Christoph Zwerschke cito at online.de
Sat Nov 26 05:49:50 EST 2005


Mike Meyer wrote:

 > I think you're trying to tweak the wrong definition. Types are
 > immutable if their instances are immutable.

I'm not trying to tweak it, but to gain more clarity about what is 
actually meant when you talk about "mutable" types and objects and 
whether it suffices to use these terms as long as you speak about 
built-in datatypes.

Tuples have been considered an immutable type since generations, becaue 
the elements of a tuple cannot be changed (i.e. the elements themselves, 
not their values). Likewise, they should be considered a hashable type 
because they have a proper hash function that can be used if all 
elements are hashable. Still, you can create instances of this 
immutable/hashable data type which are mutable/not hashable. So in the 
docs it will be important to be clear and emphasize that the *objects* 
have to be immutable/hashable, not only their types.

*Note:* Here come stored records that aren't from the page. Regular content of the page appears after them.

(* Let $n$ be a nonnegative integer and $a,c\in\mathbb{C}$ such that all expressions below are defined (no lower parameter zero or a negative integer). Then \[ {}_3F_2\!\left(\left.{-n,a,c \atop \frac{a-n}{2},\frac{1+a-n}{2}}\right| \frac{1}{4}\right) =\frac{(1+2c-a)_n}{(1-a)_n}\,{}_3F_2\!\left(\left.{-n,1+2c-a+n,c \atop \frac{1+2c-a}{2},\frac{2+2c-a}{2}}\right| \frac{1}{4}\right). \] Equivalently, with $M_n(a,c)=(1-a)_n(1+c-a)_n\,{}_3F_2\!\left(\left.{-n,a,c \atop \frac{a-n}{2},\frac{1+a-n}{2}}\right| \frac{1}{4}\right)$ one has $M_n(a,c)=M_n(1+2c-a+n,c)$, and $L_n(x,y)=M_n\!\left(x,\frac{x+y-n-1}{2}\right)$ satisfies $L_n(x,y)=L_n(y,x)$.
   Context: For $a\in\mathbb{C}$, $(a)_0=1$ and $(a)_k=a(a+1)\cdots(a+k-1)$ for $k\ge1$. The hypergeometric series is ${}_rF_s\!\left(\left.{\alpha_1,\ldots,\alpha_r\atop \beta_1,\ldots,\beta_s}\right|z\right)=\sum_{k\ge0}\frac{(\alpha_1)_k\cdots(\alpha_r)_k}{k!(\beta_1)_k\cdots(\beta_s)_k}z^k$, with no lower parameter zero or a negative integer; when an upper parameter is $-n$ it is a finite sum over $0\le k\le n$. *)

theory Defs
  imports Complex_Main "HOL-Library.Nonpos_Ints"
begin

definition hyp3F2_term ::
  "complex \<Rightarrow> complex \<Rightarrow> complex \<Rightarrow> complex \<Rightarrow> complex \<Rightarrow> complex \<Rightarrow> nat \<Rightarrow> complex" where
  "hyp3F2_term a1 a2 a3 b1 b2 z k =
     pochhammer a1 k * pochhammer a2 k * pochhammer a3 k
     / (fact k * pochhammer b1 k * pochhammer b2 k) * z ^ k"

 > So whether or not a tuple containing a mutable object is
 > immutable depends on whether you define a immutable as "the object
 > can't change" or "the objects value can't change".

Right - if you have an actual tuple instance like (a,) and a is a list, 
you can argue whether it should be considered mutable or not. But you 
cannot argue whether it is hashable or not. It's simply not hashable. In 
so far, speaking about whether an object is hashable is more precise 
(well-defined) than asking whether it is mutable, you're right.

 > Do you think it's really necessary to specify "has a __hash__ method
 > that returns a value", as opposed to just "has a __hash__ method"?

I think it is necessary to require that it has a "proper" __hash__ 
function. As far as I understand you can always add a __hash__ method. 
Not only invalid __hash__ methods like in this case:

class mylist0(list):
     def __hash__(self): return None

But you can also easily add valid __hash__ methods:

class mylist1(list):
     def __hash__(self): return 0815

class mylist2(list):
     def __hash__(self): return id(self)

In the case of mylist1, everything is ok including semantics, but 
performance suffers dramatically. In mylist2, performance is great, but 
semantics suffers greatly.

Which of these user-defined types would you call "hashable"? Technically 
speaking, both probably are, so you can indeed use list objects of both 
types as keys of a dictionary - but I think there should be a hint in 
the docs that you need to have a "proper" hash function if you want your 
dictionary to be performant and show the usually expected behavior.